Information of half or full sib groups

In most species sires get relatively large half sib groups. The most pronounced example are dairy bulls used in artificial insemination programs. In the traditional dairy cattle breeding programs young sires produce a first group of daughters. With the first crop of daughters often consisting of more than 50 daughters each with an additive genetic relationship with the sire of 0.5, it is a very informative half sib group. In some species, pigs, poultry,  dogs or fish full sibs are born. The individuals within a litter all have an additive genetic relationship of 0.5 with their dam and with their sire. Full sib groups can be a very valuable source of information.

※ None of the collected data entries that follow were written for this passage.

(* Let $(\mathcal X,d,\mu)$ be an RD-space with upper dimension constant $n$ (see context). Let $q\in(\max\{1,n/2\},\infty]$ and let $U\in\mathcal B_q(\mathcal X)$ be a nonnegative function which is not almost everywhere zero and such that the measure $U(z)\,d\mu(z)$ is doubling (i.e. there is $C>0$ with $\int_{B(x,2r)}U\,d\mu\le C\int_{B(x,r)}U\,d\mu$ for all $x\in\mathcal X$, $r>0$). For $x\in\mathcal X$ set $$\rho(x)=\sup\Big\{r>0:\ \frac{r^2}{V_r(x)}\int_{B(x,r)}U(y)\,d\mu(y)\le 1\Big\}.$$ Then $0<\rho(x)<\infty$ for every $x$, and $\rho$ is an admissible function, i.e. there exist constants $C_3,k_0>0$ such that for all $x,y\in\mathcal X$, $$\rho(y)\le C_3[\rho(x)]^{1/(1+k_0)}[\rho(x)+d(x,y)]^{k_0/(1+k_0)}.$$
   Context: An RD-space is a triple $(\mathcal X,d,\mu)$ where $(\mathcal X,d)$ is a metric space and $\mu$ a regular Borel measure such that every ball $B(x,r)=\{y:d(x,y)<r\}$ has finite positive measure, $\mu$ is doubling ($\mu(B(x,2r))\le C_1\mu(B(x,r))$ for all $x$, $r>0$), and there exist constants $0<\kappa\le n$ and $C_2\ge1$ such that for all $x\in\mathcal X$, $0<r<\operatorname{diam}(\mathcal X)/2$ and $1\le\lambda<\operatorname{diam}(\mathcal X)/(2r)$, $C_2^{-1}\lambda^\kappa\mu(B(x,r))\le\mu(B(x,\lambda r))\le C_2\lambda^n\mu(B(x,r))$. Throughout, $\mu(\mathcal X)=\infty$. Notation: $V_r(x)=\mu(B(x,r))$, $V(x,y)=\mu(B(x,d(x,y)))$. Reverse Hölder class: for $q\in(1,\infty]$, a nonnegative locally integrable $U$ belongs to $\mathcal B_q(\mathcal X)$ if there is $C>0$ such that for every ball $B$, $\big(\frac1{\mu(B)}\int_B U^q\,d\mu\big)^{1/q}\le C\frac1{\mu(B)}\int_B U\,d\mu$ (with the usual essential-supremum modification when $q=\infty$). *)

theory Defs
  imports "HOL-Analysis.Analysis"
begin

definition space_diam :: "'a::metric_space itself \<Rightarrow> ereal" where
  "space_diam _ = (SUP p \<in> (UNIV :: ('a \<times> 'a) set). ereal (dist (fst p) (snd p)))"

definition regular_borel :: "'a::metric_space measure \<Rightarrow> bool" where
  "regular_borel M \<longleftrightarrow> space M = UNIV \<and> sets M = sets borel \<and>
     (\<forall>A \<in> sets M. emeasure M A = (INF W \<in> {W. open W \<and> A \<subseteq> W}. emeasure M W))"

text \<open>The conditions on r and lambda:  0 < r < diam/2 and 1 <= lambda < diam/(2r)
  are written as  2r < diam  and  2 lambda r < diam  (r > 0).\<close>
definition rd_space :: "'a::metric_space measure \<Rightarrow> real \<Rightarrow> real \<Rightarrow> bool" where
  "rd_space M \<kappa> n \<longleftrightarrow>
     regular_borel M \<and>
     (\<forall>x r. 0 < r \<longrightarrow> 0 < emeasure M (ball x r) \<and> emeasure M (ball x r) < \<infinity>) \<and>
     (\<exists>C1. \<forall>x r. 0 < r \<longrightarrow> measure M (ball x (2*r)) \<le> C1 * measure M (ball x r)) \<and>
     0 < \<kappa> \<and> \<kappa> \<le> n \<and>
     (\<exists>C2\<ge>1. \<forall>x r lam. 0 < r \<longrightarrow> ereal (2*r) < space_diam TYPE('a) \<longrightarrow>
         1 \<le> lam \<longrightarrow> ereal (2*lam*r) < space_diam TYPE('a) \<longrightarrow>
           (1/C2) * lam powr \<kappa> * measure M (ball x r) \<le> measure M (ball x (lam*r)) \<and>
           measure M (ball x (lam*r)) \<le> C2 * lam powr n * measure M (ball x r))"

definition Vr :: "'a::metric_space measure \<Rightarrow> real \<Rightarrow> 'a \<Rightarrow> real" where
  "Vr M r x = measure M (ball x r)"

definition locally_integrable :: "'a::metric_space measure \<Rightarrow> ('a \<Rightarrow> real) \<Rightarrow> bool" where
  "locally_integrable M U \<longleftrightarrow> (\<forall>x r. set_integrable M (ball x r) U)"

Combination of information sources

In breeding programs data of animals are sampled and stored continuously in databases. These databases contain traits from ancestors, living breeding animals to be selected, their sibs and their progeny. For living animals, to be selected for breeding, all these data can be combined in statistical methods to estimate their breeding value. The number of generations between the animal to be selected and the animal from which interesting data are stored in the database determines the additive relationship and the usefulness in estimating the breeding value of the animal to be selected. In addition the value of the information depends on the nature of the character (sex limited, when can it be measured in life etc.). And numbers of relatives with data are important: one granddaughter with carcass data is hardly informative for the genetic value of a grandsire, but when there are thousands of granddaughters, as is the case in pork production, these data are very valuable.